BY MICHON LINDSTROM KENTUCKY

FRANKFORT, Ky. — An empty space is what you see in the Kentucky State Capitol rotunda. It was once home to Confederate President Jefferson Davis and now a group of lawmakers wants to see that space occupied by a notable Kentucky woman.


What You Need To Know

  • Lawmakers want to see a female statue in rotunda
  • Significant list of possible candidates
  • Carl Brashear proposed earlier

“We just feel like it’s high time to see ourselves represented,” Rep. Lisa Willner, D-Louisville, said. .

Willner chairs the Kentucky House Democratic Women’s Caucus and along with the 19 other members sent a letter to Gov. Andy Beshear (D) requesting the statue used to replace Davis is a woman.

“We think this is such an important moment with the recent removal of the Jefferson Davis statue,” Willner said. “Its an opportunity to really reflect on who has been represented and who is missing, whose missing in terms of imagery in the capitol.”

Willner and the caucus gave several suggestions of women they would like to see in the capitol including:

  • State Senator Georgia Powers, the first woman and first person of color elected to the chamber and leading voice in the civil rights movement
  • Mary Elliott Flannery, the first woman elected to the legislature south of the Mason-Dixon Line
  • Anne Braden, another civil rights champion who advocated for racial justice in Jefferson County and across the nation
  • Alice Dunnigan, the first African-American to have a capitol press badge in Washington D.C. and also the first African-American woman to lead the Women’s National Press Club.
  • bell hooks, an author, a feminist scholar, and social activist.
  • Anna Mae Clark, the first African-American woman to be a commanding officer of a regiment in the Women’s Army Army Corp in World War II.
  • Alberta Odell Jones, a civil rights leader who became the first African-American woman to pass the Kentucky bar and the first African-American women to become a city attorney in Jefferson County
  • Governor Martha Layne Collins, Kentucky’s only female governor
  • Of the eight people named — five are Black women.

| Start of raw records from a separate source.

(* Let $d\in\mathbb{N}$. For every $r\in\mathcal{R}$, the set $\Pi_r\subset\mathbb{R}^d\times\mathbb{R}^d$ is Lebesgue measurable and has measure $0$. Moreover, for every $x\in\mathbb{R}^d$, the set $\Phi_r(x)=\{y\in\mathbb{R}^d:(x,y)\in\Pi_r\}$ has Lebesgue measure $0$.
   Context: For $t\in\mathbb{R}$, $\|t\|$ is the distance from $t$ to $\mathbb{Z}$. Write $\mathbb{N}=\{1,2,\dots\}$. $\mathcal{R}=\{r\in\mathbb{R}^d: r_i\ge0,\ \sum_i r_i=1\}$. For $r\in\mathcal{R}$ and $x\in\mathbb{R}^d$, $\|x\|_r=(\max_{1\le i\le d}\|x_i\|^{1/r_i})^{1/d}$. $\mathcal{D}$ is the set of all non-increasing $\psi:\mathbb{N}\to\mathbb{R}_{\ge0}$ with $\sum_n\psi(n)^d=\infty$. $W(r,\psi)$ is the set of $(x,y)\in\mathbb{R}^d\times\mathbb{R}^d$ such that $\|nx+y\|_r<\psi(n)$ for infinitely many $n\in\mathbb{N}$, and $\Pi_r=\bigcap_{\psi\in\mathcal{D}}W(r,\psi)$. *)

theory Defs
  imports "HOL-Analysis.Analysis"
begin

definition dist_Z :: "real \<Rightarrow> real" where
  "dist_Z t = infdist t \<int>"

definition weights :: "(real ^ 'n) set" where
  "weights = {r. (\<forall>i. r $ i \<ge> 0) \<and> (\<Sum>i\<in>UNIV. r $ i) = 1}"

text \<open>Component term dist_Z(x_i)^(1/r_i); for r_i = 0 the exponent is +infinity and,
  since dist_Z(x_i) \<le> 1/2 < 1, the term is 0.\<close>
definition comp_term :: "real \<Rightarrow> real \<Rightarrow> real" where
  "comp_term ri t = (if ri = 0 then 0 else dist_Z t powr (1 / ri))"

definition rnorm :: "real ^ 'n \<Rightarrow> real ^ 'n \<Rightarrow> real" where
  "rnorm r x = (Max (range (\<lambda>i. comp_term (r $ i) (x $ i)))) powr (1 / real CARD('n))"

definition classD :: "'n itself \<Rightarrow> (nat \<Rightarrow> real) set" where
  "classD _ = {\<psi>. (\<forall>n\<ge>1. \<psi> n \<ge> 0) \<and> (\<forall>m n. 1 \<le> m \<longrightarrow> m \<le> n \<longrightarrow> \<psi> n \<le> \<psi> m)
                 \<and> \<not> summable (\<lambda>n. \<psi> (Suc n) ^ CARD('n))}"

definition W_set :: "real ^ 'n \<Rightarrow> (nat \<Rightarrow> real) \<Rightarrow> ((real ^ 'n) \<times> (real ^ 'n)) set" where
  "W_set r \<psi> = {(x::real^'n, y::real^'n). infinite {n::nat. n \<ge> 1 \<and> rnorm r (real n *\<^sub>R x + y) < \<psi> n}}"

definition Pi_set :: "real ^ 'n \<Rightarrow> ((real ^ 'n) \<times> (real ^ 'n)) set" where
  "Pi_set r = (\<Inter>\<psi>\<in>classD TYPE('n). W_set r \<psi>)"

definition Phi_set :: "real ^ 'n \<Rightarrow> real ^ 'n \<Rightarrow> (real ^ 'n) set" where
  "Phi_set r x = {y. (x, y) \<in> Pi_set r}"

end

theory Submission
  imports Defs
begin

text \<open>
  If (x, y) \<in> \<Pi>_r, then min {||m x + y||_r^d | 1 \<le> m \<le> n} = o(1/n): otherwise half the
  running minimum of ||m x + y||_r is a function of class D that the pair never beats.
  For fixed x, n and m, the bounded y with ||m x + y||_r^d \<le> \<epsilon>/n are covered by O(1) boxes
  with side lengths O((\<epsilon>/n)^r_i), whose volume is O(\<epsilon>/n) because the r_i sum to 1.
  Taking the union over m \<le> n, the x-sections of the Borel set of o(1/n)-approximable
  pairs have measure O(\<epsilon>) for every \<epsilon> > 0, hence are null, and Tonelli's theorem makes
  the set itself null. It contains \<Pi>_r, and its x-sections contain the sets \<Phi>_r(x).
\<close>

lemma dist_Z_nonneg: "0 \<le> dist_Z t"
  by (simp add: dist_Z_def infdist_nonneg)

lemma dist_Z_attained: "\<exists>j::int. dist_Z t = \<bar>t - of_int j\<bar>"
proof -
  obtain a where "a \<in> (\<int>::real set)" "infdist t \<int> = dist t a"
    by (rule infdist_attains_inf[of "\<int>::real set" t]) (use Ints_0 in auto)
  then show ?thesis
    by (auto simp: dist_Z_def dist_real_def elim!: Ints_cases)
qed

lemma continuous_on_dist_Z [continuous_intros]:
  "continuous_on S f \<Longrightarrow> continuous_on S (\<lambda>x. dist_Z (f x))"
  unfolding dist_Z_def by (rule continuous_on_infdist)

lemma comp_term_nonneg: "0 \<le> comp_term a t"
  by (simp add: comp_term_def)

lemma rnorm_power_card:
  fixes r z :: "real ^ 'n"
  shows "rnorm r z ^ CARD('n) = Max (range (\<lambda>i. comp_term (r $ i) (z $ i)))"
proof -
  define M where "M = Max (range (\<lambda>i. comp_term (r $ i) (z $ i)))"
  have "comp_term (r $ i) (z $ i) \<le> M" for i
    unfolding M_def by (rule Max_ge) auto
  then have "0 \<le> M"
    by (meson comp_term_nonneg order_trans)
  then have "(M powr (1 / CARD('n))) ^ CARD('n) = M"
    by (cases "M = 0") (simp_all add: powr_power)
  then show ?thesis by (simp add: rnorm_def M_def)
qed

lemma dist_Z_less_if_rnorm_power_less:
  fixes r z :: "real ^ 'n"
  assumes "rnorm r z ^ CARD('n) < \<delta>" and "0 < r $ i"
  shows "dist_Z (z $ i) < \<delta> powr (r $ i)"
proof -
  have "comp_term (r $ i) (z $ i) \<le> rnorm r z ^ CARD('n)"
    unfolding rnorm_power_card by (rule Max_ge) auto
  then have "dist_Z (z $ i) powr (1 / r $ i) < \<delta>"
    using assms by (simp add: comp_term_def)
  then have "(dist_Z (z $ i) powr (1 / r $ i)) powr (r $ i) < \<delta> powr (r $ i)"
    using assms(2) by (intro powr_less_mono2) auto
  then show ?thesis
    using assms(2) dist_Z_nonneg[of "z $ i"] by (simp add: powr_powr)
qed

“A statue of especially an African-American woman, can you imagine the unveiling? What that would mean historically and the folks who would see themselves represented in the Capitol Rotunda for the very first time,” Willner said. “I think it would be an attraction for many, many years and generations to come.”

Currently, first ladies and Gov. Collins are featured on the first floor of the capitol as dolls.

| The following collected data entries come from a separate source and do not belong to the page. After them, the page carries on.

(* Let $N\ge2$, $x_1>x_2>\cdots>x_N$ be real, and $\rho=\sum_{j=1}^N\rho_j\delta_{x_j}$ with $\rho_j>0$, $\sum\rho_j=1$. For $t\ge0$ let $\rho_t=e^{2tx}d\rho(x)/\int e^{2tx}d\rho(x)$, and for $1\le j\le N$ let $x_1^{(j)}(t)>\cdots>x_j^{(j)}(t)$ be the zeros of the monic orthogonal polynomial $P_j(x;\rho_t)$. Then for each $j=1,\dots,N$ and $k=1,\dots,j$, $\lim_{t\to\infty}x_k^{(j)}(t)=x_k$, and moreover $|x_k^{(j)}(t)-x_k|=O(e^{-ct})$ as $t\to\infty$, where $c=\min_{i=1,\dots,N-1}(x_i-x_{i+1})$.
   Context: $P_j(x;\rho_t)$ is the unique monic polynomial of degree $j$ orthogonal in $L^2(\rho_t)$ to all polynomials of degree less than $j$; its zeros are real and simple. *)

theory Defs
  imports "HOL-Analysis.Analysis" "HOL-Computational_Algebra.Polynomial" "HOL-Library.Landau_Symbols"
begin

text \<open>Discrete measure rho = sum over i in 1..N of rho i times the Dirac mass at x i.
  Tilted measure rho_t has weights rho i * exp(2 t x i) / normalisation.\<close>
definition tilted_weight :: "nat \<Rightarrow> (nat \<Rightarrow> real) \<Rightarrow> (nat \<Rightarrow> real) \<Rightarrow> real \<Rightarrow> nat \<Rightarrow> real" where
  "tilted_weight N \<rho> x t i =
     \<rho> i * exp (2 * t * x i) / (\<Sum>l=1..N. \<rho> l * exp (2 * t * x l))"

definition disc_inner :: "nat \<Rightarrow> (nat \<Rightarrow> real) \<Rightarrow> (nat \<Rightarrow> real) \<Rightarrow> real poly \<Rightarrow> real poly \<Rightarrow> real" where
  "disc_inner N w x p q = (\<Sum>i=1..N. w i * poly p (x i) * poly q (x i))"

definition is_monic_OP :: "nat \<Rightarrow> (nat \<Rightarrow> real) \<Rightarrow> (nat \<Rightarrow> real) \<Rightarrow> nat \<Rightarrow> real poly \<Rightarrow> bool" where
  "is_monic_OP N w x j p \<longleftrightarrow>
     degree p = j \<and> lead_coeff p = 1 \<and>
     (\<forall>q. degree q < j \<longrightarrow> disc_inner N w x p q = 0)"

“The first ladies and in, one instance, Governor Martha Layne Collins are represented not for their intelligence or accomplishments or talents or their aspirations but for their fashion,” Willner said. “That sends a very strange message and in 2020 I think it’s time to send a different message.”

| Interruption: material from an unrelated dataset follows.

(* Let $n$ be even, and for $m\ge1$ let $\mathcal{C}_m=\mathbb{C}\{e_1,\dots,e_m\}$ denote the complex Clifford algebra with generators satisfying $e_j^2=-1$, $e_je_k=-e_ke_j$ ($j\ne k$), of dimension $2^m$, with $\mathcal{C}_n\subset\mathcal{C}_{n+1}$ naturally. Suppose there is an invertible $2^{n/2}\times2^{n/2}$ matrix $P_n$ over $\mathcal{C}_n$, not depending on $a$, such that for every $a\in\mathcal{C}_n$ the matrix $\phi_n(a):=P_n(aI_{2^{n/2}})P_n^{-1}$ has all entries in $\mathbb{C}$. Let $e_{[n+1]}=e_1e_2\cdots e_{n+1}$ and $r=(-1)^{\frac12(n+1)(n+2)}$, so that $e_{[n+1]}^2=r$, and fix a square root $\sqrt r\in\mathbb{C}$. Then every $a\in\mathcal{C}_{n+1}$ can be written as $a=a_0+a_1e_{[n+1]}=a_0+e_{[n+1]}a_1$ with $a_0,a_1\in\mathcal{C}_n$. Define $\overline{a}=a_0-a_1e_{[n+1]}$ and $D_a=\mathrm{diag}(aI_{2^{n/2}},\overline{a}I_{2^{n/2}})$. Let $$P_{n+1}=\frac12\begin{pmatrix}(1+\frac{1}{\sqrt r}e_{[n+1]})P_n & -(\sqrt r-e_{[n+1]})P_n\\ \frac1r(\sqrt r-e_{[n+1]})P_n & (1+\frac{1}{\sqrt r}e_{[n+1]})P_n\end{pmatrix},$$ $$P_{n+1}'=\frac12\begin{pmatrix}P_n^{-1}(1+\frac{1}{\sqrt r}e_{[n+1]}) & P_n^{-1}(\sqrt r-e_{[n+1]})\\ -P_n^{-1}\frac1r(\sqrt r-e_{[n+1]}) & P_n^{-1}(1+\frac1{\sqrt r}e_{[n+1]})\end{pmatrix}.$$ Then $P_{n+1}$ is invertible with $P_{n+1}^{-1}=P_{n+1}'$, and $$P_{n+1}D_aP_{n+1}^{-1}=\begin{pmatrix}\phi_n(a_0)+\sqrt r\,\phi_n(a_1) & 0\\ 0 & \phi_n(a_0)-\sqrt r\,\phi_n(a_1)\end{pmatrix},$$ a block diagonal matrix with two $2^{n/2}\times2^{n/2}$ complex blocks.
   Context: For an element $c$ and a matrix $M$, $cM$ (resp. $Mc$) denotes the matrix with entries $cM_{jk}$ (resp. $M_{jk}c$). Complex scalars commute with all Clifford elements. *)

theory Defs
  imports Complex_Main
begin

While the statue is being built Willner would like the space to be used to educate visitors about Kentuckians who may have gone unacknowledged for years.

“Women, people of color, native Americans from Kentucky,” Willner said. “It’s just a fantastic opportunity to lift up the faces and the images of people who have for too long been pushed to the edges.”

Sen. Chris McDaniels, R-Taylor Mill, has proposed replacing the empty space with Chief Carl Brashear.